Tugas utama fenomenologi
menurut Husserl adalah menjalin keterkaitan manusia dengan realitas. Bagi
Husserl, realitas bukan suatu yang berbeda pada dirinya lepas dari manusia yang
mengamati. Realitas itu mewujudkan diri, atau menurut ungkapan Martin Heideger,
yang juga seorang fenomenolog : “Sifat realitas itu membutuhkan keberadaan
manusia”. Filsafat fenomenologi berusaha untuk mencapai pengertian yang
sebenarnya dengan cara menerobos semua fenomena yang menampakkan diri menuju
kepada benda yang sebenarnya. Usaha inilah yang dinamakan untuk mencapai “Hakikat
segala sesuatu”.
Untuk itu, Husserl
mengajukan dua langkah yang harus ditempuh untuk mencapai esensi fenomena,
yaitu metode epoche dan eidetich vision. Kata epoche berasal dari bahasa
Yunani, yang berarti: “menunda keputusan” atau “mengosongkan diri dari
keyakinan tertentu”. Epoche bisa juga berarti tanda kurung (bracketing)
terhadap setiap keterangan yang diperoleh dari suatu fenomena yang nampak,
tanpa memberikan putusan benar salahnya terlebih dahulu.
Fenomena yang tampil
dalam kesadaran adalah benar-benar natural tanpa dicampuri oleh presupposisi
pengamat. Untuk itu, Husserl menekankan satu hal penting : Penundaan keputusan.
Keputusan harus ditunda (epoche) atau dikurung dulu dalam kaitan dengan status
atau referensi ontologis atau eksistensial objek kesadaran.

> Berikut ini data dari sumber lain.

theorem lemma10:
  fixes J M :: nat
    and N :: "nat set"
    and a :: "nat \<Rightarrow> nat \<Rightarrow> int"
    and b :: "nat \<Rightarrow> int"
    and e :: "nat \<Rightarrow> nat \<Rightarrow> int"
  assumes N_pos: "N \<subseteq> {1..}"
    and N_cofinal: "\<And>m. m \<ge> 1 \<Longrightarrow> \<exists>n\<in>N. m dvd n"
    and sol_mod: "\<And>n j. n \<in> N \<Longrightarrow> j \<in> {1..J} \<Longrightarrow>
        int n dvd (b j - (\<Sum>i=1..M. a j i * e i n))"
  shows "\<exists>n0\<in>N. \<forall>n\<in>N. n0 dvd n \<longrightarrow>
           (\<exists>e' :: nat \<Rightarrow> int.
              (\<forall>i\<in>{1..M}. int (n div n0) dvd (e i n - e' i)) \<and>
              (\<forall>j\<in>{1..J}. b j = (\<Sum>i=1..M. a j i * e' i)))"
proof -
  have sol: "\<forall>j\<in>{1..J}. int n dvd b j - dotp M (a j) (\<lambda>i. e i n)" if "n \<in> N" for n
    using sol_mod[OF that] unfolding dotp_def by blast
  have "\<exists>x. \<forall>j\<in>{1..J}. m dvd b j - dotp M (a j) x" if "m \<ge> 1" for m :: int
  proof -
    have "nat m \<ge> 1" using that by simp
    then obtain n where n: "n \<in> N" "m dvd int n" using N_cofinal that by force
    then show ?thesis using sol[OF n(1)] dvd_trans by blast
  qed
  then obtain x0 where x0: "\<forall>j\<in>{1..J}. dotp M (a j) x0 = b j"
    using solvable_if_solvable_mod_all by blast
  obtain d P where retr: "kernel_retraction J M a d P"
    using kernel_retraction_exists by blast
  then have d: "d \<ge> 1" by (rule kernel_retraction_scale_ge1)
  then have "nat d \<ge> 1" by simp
  then obtain n0 where n0: "n0 \<in> N" "nat d dvd n0" using N_cofinal by blast
  then obtain s where s: "n0 = nat d * s" by blast
  have "\<exists>e'. (\<forall>i\<in>{1..M}. int (n div n0) dvd e i n - e' i) \<and> (\<forall>j\<in>{1..J}. b j = dotp M (a j) e')"
    if n: "n \<in> N" "n0 dvd n" for n
  proof -
    obtain t where t: "n = n0 * t" using n(2) by blast
    have "n0 \<noteq> 0" using N_pos n0(1) by auto
    then have "int (n div n0) dvd int (s * t)" using t by simp
    moreover have "int n = d * int (s * t)" using d s t by simp
    ultimately show ?thesis
      using exact_solution_near[OF retr x0, of "int (s * t)" "\<lambda>i. e i n"] sol[OF n(1)]
      by (metis dvd_trans)
  qed
  then show ?thesis using n0(1) unfolding dotp_def by blast
qed
lemma B_alternating_MX:
  fixes A M :: "'a::comm_ring_1 mat"
  assumes char2: "CHAR('a) = 2" and A: "A \<in> carrier_mat n n" and M: "M \<in> carrier_mat n n"
    and A_sym: "transpose_mat A = A" and M_alt: "B_alternating A M" and X: "X \<in> carrier_vec n"
  shows "B_alternating (four_block_mat (1\<^sub>m 1) (0\<^sub>m 1 n) (0\<^sub>m n 1) A) (MX A M X)"
proof -
  let ?S = "four_block_mat (1\<^sub>m 1) (0\<^sub>m 1 n) (0\<^sub>m n 1) A" and ?N = "MX A M X"
  have S: "?S \<in> carrier_mat (Suc n) (Suc n)"
    using four_block_carrier_mat[of "1\<^sub>m 1" 1 1 A n n] A by simp
  have N: "?N \<in> carrier_mat (Suc n) (Suc n)"
    using bordered_mat_carrier[of "A *\<^sub>v X" n X M] A M X MX_eq_bordered_mat[OF A X] by simp
  have S_vCons: "?S *\<^sub>v vCons t z = vCons t (A *\<^sub>v z)" if "z \<in> carrier_vec n" for t z
    using four_block_mat_mult_vCons[of "1\<^sub>m 1" "0\<^sub>m 1 n" n "0\<^sub>m n 1" A z t] A that by simp
  have "u \<bullet> ((?S * ?N) *\<^sub>v u) = 0" if "u \<in> carrier_vec (Suc n)" for u
  proof -
    obtain s v where u: "u = vCons s v" and v: "v \<in> carrier_vec n"
      using \<open>u \<in> carrier_vec (Suc n)\<close> by (cases u) auto
    define t where "t = (A *\<^sub>v X) \<bullet> v"
    have "(?S * ?N) *\<^sub>v u = vCons t (s \<cdot>\<^sub>v (A *\<^sub>v X) + A *\<^sub>v (M *\<^sub>v v))"
      using S_vCons bordered_mat_mult_vCons[of "A *\<^sub>v X" n X M v s] MX_eq_bordered_mat[OF A X]
        S N A M X u v by (simp add: t_def mult_add_distrib_mat_vec[OF A] mult_mat_smult_vec[OF A])
    then have "u \<bullet> ((?S * ?N) *\<^sub>v u) = s * t + (s * (v \<bullet> (A *\<^sub>v X)) + v \<bullet> ((A * M) *\<^sub>v v))"
      using u v A M X by (simp add: scalar_prod_add_distrib[of v n])
    also have "v \<bullet> (A *\<^sub>v X) = t"
      using comm_scalar_prod[OF v, of "A *\<^sub>v X"] A X by (simp add: t_def)
    also have "v \<bullet> ((A * M) *\<^sub>v v) = 0"
      using M_alt A M v unfolding B_alternating_def alternating_mat_def by simp
    finally show ?thesis
      using uminus_CHAR_2[OF char2, of "s * t"] by simp
  qed
  then show ?thesis
    using S N A unfolding B_alternating_def alternating_mat_def by simp
qed

theorem lemma3p1:
  fixes A M :: "'a::field mat" and n :: nat
  assumes char2: "CHAR('a) = 2"
    and n: "n \<ge> 1"
    and A: "A \<in> carrier_mat n n" and A_inv: "invertible_mat A" and A_alt: "alternating_mat A"
    and M: "M \<in> carrier_mat n n" and M_nil: "nilpotent_mat M" and M_sym: "B_symmetric A M"
  shows "(B_alternating A M \<longleftrightarrow> (\<forall>X \<in> carrier_vec n. nilpotent_mat (MX A M X)))
    \<and> (B_alternating A M \<longrightarrow>
         (\<forall>X \<in> carrier_vec n.
            B_alternating (four_block_mat (1\<^sub>m 1) (0\<^sub>m 1 n) (0\<^sub>m n 1) A) (MX A M X)))"
proof -
  have A_sym: "transpose_mat A = A"
    by (rule alternating_mat_symmetric[OF char2 A_alt])
  show ?thesis
    using nilpotent_MX_if_B_alternating[OF A M A_alt A_sym M_sym M_nil]
      B_alternating_if_nilpotent_MX[OF A M A_alt A_sym M_sym M_nil]
      B_alternating_MX[OF char2 A M A_sym]
    by blast
qed

end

Selanjutnya, menurut Husserl, epoche memiliki
empat macam, yaitu :
1. Method of historical bracketing; metode yang mengesampingkan
aneka macam teori dan pandangan yang pernah kita terima dalam kehidupan
sehari-hari, baik dari adat, agama maupun ilmu pengetahuan.
2. Method of existensional bracketing; meninggalkan atau abstain
terhadap semua sikap keputusan atau sikap diam dan menunda.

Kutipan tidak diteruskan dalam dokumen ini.